First, he goes off recent historical averages, which "DO NOT" account for the skill and ability of each opponent in this game. It's flawed already
Second, and the "biggest flaw", is teams "do not" perform at a average level each game, some games they perform well above their avearages, these are games they normally win, then they have games of performing well below their averages, these are games they might lose, that's how stats go in the real world.
Let's look at Dallas's average 3rd down percentage, then let's break it down to a game to game and see how many games Dallas performed at their average.
I use 3rd down's because it's a larger sample size than 4th down plus, if teams chose to go for it on 4th downs every time as the web site states would be the right play, then they would have a much larger sample size on 4th downs very similar to 3rd downs now.
Dallas season average 39.7 %.
Game 1 --- 38%
2. --- 46%
3.--- 50%
4. --- 50%
5. --- 52%
6. --- 0%
As you can see by the info above Dallas played at it's average just 1 game out of 6, and they played extremely off their average in 4 of 6 games.
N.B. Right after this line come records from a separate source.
lemma separation_if_disconnected:
  assumes g: "graph V E" and "S \<subseteq> V" "V - S \<noteq> {}"
    and "\<not> connected_graph (V - S) (induced E (V - S))"
  shows "\<exists>A B. separation V E S A B"
proof -
  define R where "R = induced E (V - S)"
  obtain x y where xy: "x \<in> V - S" "y \<in> V - S" "\<not> R\<^sup>*\<^sup>* x y"
    using assms(3,4) unfolding connected_graph_def R_def by auto
  define B where "B = {w \<in> V - S. R\<^sup>*\<^sup>* x w}"
  have closed: "w \<in> B" if "v \<in> B" "w \<in> V - S" "E v w \<or> E w v" for v w
  proof -
    have "R v w" using that graph_sym[OF g] unfolding R_def B_def by auto
    then show ?thesis using that unfolding B_def by (auto intro: rtranclp.rtrancl_into_rtrancl)
  qed
  have "separation V E S (V - S - B) B"
    unfolding separation_def using assms(2) xy closed unfolding B_def by blast
  then show ?thesis by blast
qed

lemma two_separation_exists:
  assumes g: "graph V E" and V: "4 \<le> card V" and "\<not> k_connected 3 V E"
  shows "\<exists>S A B. separation V E S A B \<and> card S = 2"
proof -
  obtain S where S: "S \<subseteq> V" "card S \<le> 2" and disconnected: "\<not> connected_graph (V - S) (induced E (V - S))"
    using assms(3) V unfolding k_connected_def by auto
  have "2 \<le> card (V - S)"
    using S V graph_finite[OF g] card_Diff_subset[of S V] finite_subset[of S V] by auto
  then have "V - S \<noteq> {}" by (metis card.empty not_numeral_le_zero)
  then obtain A B where "separation V E S A B"
    using separation_if_disconnected[OF g S(1) _ disconnected] by blast
  then show ?thesis using separation_with_separator_2[OF graph_finite[OF g] V _ S(2)] by blast
qed

section \<open>Colour patterns on a triple\<close>

text \<open>The triple records which of the colours of \<open>y\<close>, \<open>p\<close>, \<open>q\<close> coincide; only the five
  triples named below are consistent.\<close>
definition realises :: "nat \<Rightarrow> 'a set \<Rightarrow> ('a \<Rightarrow> 'a \<Rightarrow> bool) \<Rightarrow> 'a \<Rightarrow> 'a \<Rightarrow> 'a \<Rightarrow> bool \<times> bool \<times> bool \<Rightarrow> bool" where
  "realises m W F y p q t \<longleftrightarrow> (\<exists>c. colouring m W F c \<and> (c y = c p, c y = c q, c p = c q) = t)"

abbreviation rainbow :: "bool \<times> bool \<times> bool" where "rainbow \<equiv> (False, False, False)"
abbreviation monochrome :: "bool \<times> bool \<times> bool" where "monochrome \<equiv> (True, True, True)"
abbreviation apart :: "bool \<times> bool \<times> bool" where "apart \<equiv> (False, False, True)"
abbreviation join_fst :: "bool \<times> bool \<times> bool" where "join_fst \<equiv> (True, False, False)"
abbreviation join_snd :: "bool \<times> bool \<times> bool" where "join_snd \<equiv> (False, True, False)"

lemma realisesI: "colouring m W F c \<Longrightarrow> realises m W F y p q (c y = c p, c y = c q, c p = c q)"
  unfolding realises_def by blast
This is how stats work in the real world.
Now, how then can putting in a historical average give you an accurate odds of Dallas on "this day" ????
Simply not possible !!!
For that mathmatical formula to be accurate, each team would have to perform at an average level in each situation that makes up the formula, and as the info above clearly without any question shows, it does not work that way in the real world.
In other words, in games that a team is playing above their averages, these are games the team is highly likely to win, when a team is playing above it's average that would increase it's odds in the formula if you inserted these above averages into the formula which would be representive of how the team was playing on this day.
And it would be the opposite when teams are playing below the averages on a given day.
Human beings playing a football game are not like a coin, where regardless of how many times a coin comes up heads, it's still 50-50 it comes up heads on the next flip. Coins not posses skill, statergy, heart or desire and motivation.
A football game involves skill and ability, coaching, energy, heart, motivation and desire on this given day, all those things come together at different levels each game, to "assume" each team plays at a historical average each and every game is silly.
You're right. You need to account for the skill level of each team, but remember this isn't just a decision whether you can make the fourth down. Its a decision between which is more likely making the fourth down now or making the kick + 2 point conversion + winning in OT.
I explain the logic a little better in this post.
https://www.covers.com/postingforum/post01/showmessage.aspx?spt=21&sub=100864546
If you think the Cowboys are far worse offensively than historical averages than you have to apply that same logic to their chances of converting the 2 and their chances of winning in overtime. When you do that, the skill adjustments work out to basically a wash and you should go anyway.
As a matter of fact, I'd argue that the worse a team is the more they should go. On any one play, the skill differences between teams isn't that great. The reason better teams typically win is because those skill differences at up over time.
Think about it this way, if you could play Kobe Bryant in one-on-one, would you rather play first shot wins or would you rather play to 100. First shot wins you have a legitimate chance. Playing to 100, he's got you for surel.